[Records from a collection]
------------------------------------

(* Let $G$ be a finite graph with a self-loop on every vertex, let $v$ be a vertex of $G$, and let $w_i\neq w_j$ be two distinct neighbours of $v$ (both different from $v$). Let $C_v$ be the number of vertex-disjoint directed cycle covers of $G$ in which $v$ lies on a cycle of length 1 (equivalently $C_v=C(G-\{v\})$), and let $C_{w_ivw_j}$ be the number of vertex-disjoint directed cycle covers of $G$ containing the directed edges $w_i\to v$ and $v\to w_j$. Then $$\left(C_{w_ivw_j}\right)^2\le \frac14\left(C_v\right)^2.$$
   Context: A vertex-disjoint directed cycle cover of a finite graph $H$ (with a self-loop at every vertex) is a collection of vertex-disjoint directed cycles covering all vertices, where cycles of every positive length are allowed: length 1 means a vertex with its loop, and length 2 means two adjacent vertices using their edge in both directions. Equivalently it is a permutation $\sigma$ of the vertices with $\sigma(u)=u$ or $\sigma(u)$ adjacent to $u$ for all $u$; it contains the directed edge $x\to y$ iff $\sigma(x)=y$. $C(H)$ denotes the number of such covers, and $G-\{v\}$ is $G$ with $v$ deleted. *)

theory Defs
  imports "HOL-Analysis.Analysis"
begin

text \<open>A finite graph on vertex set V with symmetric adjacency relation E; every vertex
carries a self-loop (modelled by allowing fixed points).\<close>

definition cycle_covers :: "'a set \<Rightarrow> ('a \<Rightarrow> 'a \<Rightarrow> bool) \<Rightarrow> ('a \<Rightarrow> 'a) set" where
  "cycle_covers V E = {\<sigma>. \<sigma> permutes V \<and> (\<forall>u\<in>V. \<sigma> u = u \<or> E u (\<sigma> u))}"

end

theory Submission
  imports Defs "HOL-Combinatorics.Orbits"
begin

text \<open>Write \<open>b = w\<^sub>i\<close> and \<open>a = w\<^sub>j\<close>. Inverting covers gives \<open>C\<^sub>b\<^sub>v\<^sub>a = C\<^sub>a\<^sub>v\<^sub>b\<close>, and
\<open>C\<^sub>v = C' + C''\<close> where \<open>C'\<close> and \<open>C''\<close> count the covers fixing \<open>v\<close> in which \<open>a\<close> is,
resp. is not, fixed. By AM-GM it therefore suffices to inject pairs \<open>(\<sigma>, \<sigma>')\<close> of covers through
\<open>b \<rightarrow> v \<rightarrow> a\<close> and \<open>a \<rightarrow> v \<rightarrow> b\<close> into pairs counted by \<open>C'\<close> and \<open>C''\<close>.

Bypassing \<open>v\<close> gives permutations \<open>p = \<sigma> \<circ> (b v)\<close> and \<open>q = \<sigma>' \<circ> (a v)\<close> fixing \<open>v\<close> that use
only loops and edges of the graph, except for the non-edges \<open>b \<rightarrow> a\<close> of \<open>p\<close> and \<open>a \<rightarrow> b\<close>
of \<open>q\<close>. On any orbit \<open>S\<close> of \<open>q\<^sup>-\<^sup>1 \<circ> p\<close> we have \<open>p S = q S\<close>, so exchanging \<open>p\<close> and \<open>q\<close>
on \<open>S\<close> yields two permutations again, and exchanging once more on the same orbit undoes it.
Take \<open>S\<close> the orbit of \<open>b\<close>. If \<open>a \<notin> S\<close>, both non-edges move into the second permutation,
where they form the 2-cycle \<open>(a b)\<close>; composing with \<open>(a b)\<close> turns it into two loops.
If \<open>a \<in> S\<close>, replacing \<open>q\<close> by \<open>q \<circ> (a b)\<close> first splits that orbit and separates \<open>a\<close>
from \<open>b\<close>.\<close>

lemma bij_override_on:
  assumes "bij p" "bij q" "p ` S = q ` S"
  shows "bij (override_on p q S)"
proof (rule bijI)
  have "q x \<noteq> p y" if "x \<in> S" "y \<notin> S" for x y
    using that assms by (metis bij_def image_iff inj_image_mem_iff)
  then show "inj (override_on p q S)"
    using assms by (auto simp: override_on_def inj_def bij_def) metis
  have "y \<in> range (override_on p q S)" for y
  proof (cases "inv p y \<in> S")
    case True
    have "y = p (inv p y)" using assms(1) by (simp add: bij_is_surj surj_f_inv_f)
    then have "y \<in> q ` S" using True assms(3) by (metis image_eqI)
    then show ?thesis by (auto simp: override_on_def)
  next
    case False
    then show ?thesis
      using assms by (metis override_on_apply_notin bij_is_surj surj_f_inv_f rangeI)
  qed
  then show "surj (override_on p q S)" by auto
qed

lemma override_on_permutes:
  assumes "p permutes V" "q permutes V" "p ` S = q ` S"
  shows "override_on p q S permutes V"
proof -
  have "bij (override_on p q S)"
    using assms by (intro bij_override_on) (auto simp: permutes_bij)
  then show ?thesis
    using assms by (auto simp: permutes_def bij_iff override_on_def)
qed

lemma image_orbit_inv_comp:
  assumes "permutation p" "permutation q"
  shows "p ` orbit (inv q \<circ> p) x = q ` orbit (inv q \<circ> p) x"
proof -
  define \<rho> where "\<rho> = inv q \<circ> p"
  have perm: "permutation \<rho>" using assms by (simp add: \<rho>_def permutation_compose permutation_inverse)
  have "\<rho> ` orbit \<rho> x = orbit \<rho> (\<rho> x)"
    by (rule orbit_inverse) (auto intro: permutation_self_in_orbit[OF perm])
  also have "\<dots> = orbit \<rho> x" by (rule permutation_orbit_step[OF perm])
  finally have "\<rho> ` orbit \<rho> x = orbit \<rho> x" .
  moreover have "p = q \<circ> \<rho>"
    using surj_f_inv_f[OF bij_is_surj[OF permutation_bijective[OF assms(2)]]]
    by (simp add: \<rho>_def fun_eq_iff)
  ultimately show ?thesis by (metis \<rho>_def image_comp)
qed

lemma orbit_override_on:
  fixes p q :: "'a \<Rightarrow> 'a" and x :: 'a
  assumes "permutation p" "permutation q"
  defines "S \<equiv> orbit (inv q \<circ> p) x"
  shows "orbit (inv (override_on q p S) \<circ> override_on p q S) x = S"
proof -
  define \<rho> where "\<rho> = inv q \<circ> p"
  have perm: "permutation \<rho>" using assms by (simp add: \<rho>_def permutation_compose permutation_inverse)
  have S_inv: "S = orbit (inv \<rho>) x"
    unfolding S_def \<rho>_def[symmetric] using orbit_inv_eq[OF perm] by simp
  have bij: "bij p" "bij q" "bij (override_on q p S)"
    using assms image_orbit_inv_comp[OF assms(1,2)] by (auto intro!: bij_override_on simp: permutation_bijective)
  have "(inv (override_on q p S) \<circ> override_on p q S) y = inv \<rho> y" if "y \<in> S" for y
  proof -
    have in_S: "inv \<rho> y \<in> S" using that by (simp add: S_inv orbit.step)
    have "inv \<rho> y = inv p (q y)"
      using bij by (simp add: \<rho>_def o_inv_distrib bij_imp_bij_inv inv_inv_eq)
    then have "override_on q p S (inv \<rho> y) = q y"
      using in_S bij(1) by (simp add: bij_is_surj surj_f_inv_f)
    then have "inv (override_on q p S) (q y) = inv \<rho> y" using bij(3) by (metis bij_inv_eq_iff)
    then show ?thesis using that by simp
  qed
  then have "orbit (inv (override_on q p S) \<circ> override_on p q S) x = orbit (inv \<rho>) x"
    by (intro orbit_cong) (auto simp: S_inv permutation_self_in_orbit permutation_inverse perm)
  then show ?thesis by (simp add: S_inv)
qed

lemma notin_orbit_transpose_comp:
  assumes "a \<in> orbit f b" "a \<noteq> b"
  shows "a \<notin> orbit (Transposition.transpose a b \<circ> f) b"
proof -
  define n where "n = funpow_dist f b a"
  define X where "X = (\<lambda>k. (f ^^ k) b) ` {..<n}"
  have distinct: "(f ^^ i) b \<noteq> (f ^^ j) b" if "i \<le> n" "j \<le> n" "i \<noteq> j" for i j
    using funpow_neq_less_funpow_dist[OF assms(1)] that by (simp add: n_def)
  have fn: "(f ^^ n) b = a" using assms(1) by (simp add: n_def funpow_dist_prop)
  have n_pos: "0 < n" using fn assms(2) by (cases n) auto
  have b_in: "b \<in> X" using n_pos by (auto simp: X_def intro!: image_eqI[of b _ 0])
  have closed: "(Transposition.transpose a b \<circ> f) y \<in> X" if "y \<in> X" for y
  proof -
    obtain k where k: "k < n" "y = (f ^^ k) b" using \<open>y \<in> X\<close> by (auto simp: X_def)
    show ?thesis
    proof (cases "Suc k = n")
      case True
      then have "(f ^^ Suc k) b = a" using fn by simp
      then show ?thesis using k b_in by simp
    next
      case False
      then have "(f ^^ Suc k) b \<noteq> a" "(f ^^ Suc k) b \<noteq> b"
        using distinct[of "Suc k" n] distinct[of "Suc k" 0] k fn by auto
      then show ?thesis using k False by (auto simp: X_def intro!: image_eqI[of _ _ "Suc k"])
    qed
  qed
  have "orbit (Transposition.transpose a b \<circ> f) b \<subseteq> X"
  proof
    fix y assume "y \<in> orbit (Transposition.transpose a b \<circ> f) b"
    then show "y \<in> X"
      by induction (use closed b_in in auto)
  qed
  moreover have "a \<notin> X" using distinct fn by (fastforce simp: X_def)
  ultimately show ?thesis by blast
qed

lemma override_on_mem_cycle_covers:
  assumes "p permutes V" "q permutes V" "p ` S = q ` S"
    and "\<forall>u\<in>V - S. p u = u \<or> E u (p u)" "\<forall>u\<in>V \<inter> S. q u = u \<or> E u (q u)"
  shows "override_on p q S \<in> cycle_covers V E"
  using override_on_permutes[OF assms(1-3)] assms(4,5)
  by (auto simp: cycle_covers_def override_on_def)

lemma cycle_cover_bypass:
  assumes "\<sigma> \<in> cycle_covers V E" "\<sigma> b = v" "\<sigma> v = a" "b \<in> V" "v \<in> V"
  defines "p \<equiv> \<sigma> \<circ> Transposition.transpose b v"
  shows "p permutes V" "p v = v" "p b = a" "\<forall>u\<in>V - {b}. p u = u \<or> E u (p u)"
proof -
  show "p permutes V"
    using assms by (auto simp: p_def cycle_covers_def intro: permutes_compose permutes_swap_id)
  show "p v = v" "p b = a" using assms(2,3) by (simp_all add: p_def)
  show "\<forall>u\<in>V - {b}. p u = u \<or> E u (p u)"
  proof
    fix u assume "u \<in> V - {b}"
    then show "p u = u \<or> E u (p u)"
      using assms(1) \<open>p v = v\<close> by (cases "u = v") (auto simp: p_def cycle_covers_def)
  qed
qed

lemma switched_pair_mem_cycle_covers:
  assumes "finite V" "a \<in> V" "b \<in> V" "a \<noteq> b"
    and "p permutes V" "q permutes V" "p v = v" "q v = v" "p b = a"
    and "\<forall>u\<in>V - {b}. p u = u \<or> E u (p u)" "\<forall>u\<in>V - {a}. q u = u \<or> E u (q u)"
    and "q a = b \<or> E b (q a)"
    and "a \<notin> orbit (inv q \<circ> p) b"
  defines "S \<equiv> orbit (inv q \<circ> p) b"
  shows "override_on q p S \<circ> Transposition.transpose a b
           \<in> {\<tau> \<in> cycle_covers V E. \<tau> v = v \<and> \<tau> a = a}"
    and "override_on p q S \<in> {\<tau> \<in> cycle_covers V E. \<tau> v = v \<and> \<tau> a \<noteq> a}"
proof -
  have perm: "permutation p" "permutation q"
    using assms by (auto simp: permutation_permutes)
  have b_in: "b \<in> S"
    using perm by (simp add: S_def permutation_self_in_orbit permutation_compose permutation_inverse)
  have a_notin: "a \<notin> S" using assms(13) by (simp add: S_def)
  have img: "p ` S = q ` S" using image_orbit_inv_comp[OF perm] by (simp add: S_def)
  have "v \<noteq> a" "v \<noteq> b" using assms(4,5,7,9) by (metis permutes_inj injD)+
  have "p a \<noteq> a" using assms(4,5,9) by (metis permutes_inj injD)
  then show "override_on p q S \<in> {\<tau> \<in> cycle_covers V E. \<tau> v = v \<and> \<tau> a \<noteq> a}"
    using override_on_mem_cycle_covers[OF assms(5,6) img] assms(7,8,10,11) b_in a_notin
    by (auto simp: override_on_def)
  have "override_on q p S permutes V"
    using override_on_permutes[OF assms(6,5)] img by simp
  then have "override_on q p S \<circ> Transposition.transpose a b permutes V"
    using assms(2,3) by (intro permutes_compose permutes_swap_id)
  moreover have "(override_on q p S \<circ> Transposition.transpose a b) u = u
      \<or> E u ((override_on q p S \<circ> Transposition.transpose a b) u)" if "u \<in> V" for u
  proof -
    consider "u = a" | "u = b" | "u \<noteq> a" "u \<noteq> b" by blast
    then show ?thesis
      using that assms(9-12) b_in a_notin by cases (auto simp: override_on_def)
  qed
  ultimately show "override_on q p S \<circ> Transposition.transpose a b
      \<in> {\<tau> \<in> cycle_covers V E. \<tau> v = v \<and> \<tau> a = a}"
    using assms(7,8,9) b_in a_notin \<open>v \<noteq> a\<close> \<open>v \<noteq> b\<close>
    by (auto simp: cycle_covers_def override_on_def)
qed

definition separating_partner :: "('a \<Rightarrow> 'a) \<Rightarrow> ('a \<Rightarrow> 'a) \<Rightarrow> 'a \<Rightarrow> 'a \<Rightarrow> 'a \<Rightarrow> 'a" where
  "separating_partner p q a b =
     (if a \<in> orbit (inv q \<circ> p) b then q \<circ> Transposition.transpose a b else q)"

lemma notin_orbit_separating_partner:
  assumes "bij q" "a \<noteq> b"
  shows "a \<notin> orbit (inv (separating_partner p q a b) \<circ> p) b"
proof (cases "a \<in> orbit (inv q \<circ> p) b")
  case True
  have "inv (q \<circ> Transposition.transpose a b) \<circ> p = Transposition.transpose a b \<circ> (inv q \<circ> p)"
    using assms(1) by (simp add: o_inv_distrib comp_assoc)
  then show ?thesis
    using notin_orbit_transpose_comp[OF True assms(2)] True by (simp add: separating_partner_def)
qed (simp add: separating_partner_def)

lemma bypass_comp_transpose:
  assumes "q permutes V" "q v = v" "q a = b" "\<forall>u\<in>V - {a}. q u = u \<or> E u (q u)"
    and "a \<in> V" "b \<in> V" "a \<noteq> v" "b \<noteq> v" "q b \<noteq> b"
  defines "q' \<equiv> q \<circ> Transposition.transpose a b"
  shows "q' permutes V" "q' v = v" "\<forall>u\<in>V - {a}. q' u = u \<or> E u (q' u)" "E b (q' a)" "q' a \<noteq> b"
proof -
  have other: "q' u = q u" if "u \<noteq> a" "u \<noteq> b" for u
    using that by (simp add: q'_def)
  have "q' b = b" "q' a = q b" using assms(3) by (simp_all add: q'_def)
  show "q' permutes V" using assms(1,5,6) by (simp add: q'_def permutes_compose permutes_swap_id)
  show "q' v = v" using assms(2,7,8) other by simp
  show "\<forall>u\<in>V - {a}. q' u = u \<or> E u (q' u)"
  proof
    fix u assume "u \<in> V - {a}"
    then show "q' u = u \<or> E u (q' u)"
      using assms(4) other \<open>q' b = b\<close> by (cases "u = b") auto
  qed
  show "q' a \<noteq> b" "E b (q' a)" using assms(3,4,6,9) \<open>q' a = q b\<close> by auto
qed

------------------------------------

> Task to carry out: If a line in the records above contains "shows", copy that line.

> Solution below:
  shows "bij (override_on p q S)"
  shows "override_on p q S permutes V"
  shows "p ` orbit (inv q \<circ> p) x = q ` orbit (inv q \<circ> p) x"
  shows "orbit (inv (override_on q p S) \<circ> override_on p q S) x = S"
  shows "a \<notin> orbit (Transposition.transpose a b \<circ> f) b"
  shows "override_on p q S \<in> cycle_covers V E"
  shows "p permutes V" "p v = v" "p b = a" "\<forall>u\<in>V - {b}. p u = u \<or> E u (p u)"
  shows "override_on q p S \<circ> Transposition.transpose a b
  shows "a \<notin> orbit (inv (separating_partner p q a b) \<circ> p) b"
  shows "q' permutes V" "q' v = v" "\<forall>u\<in>V - {a}. q' u = u \<or> E u (q' u)" "E b (q' a)" "q' a \<noteq> b"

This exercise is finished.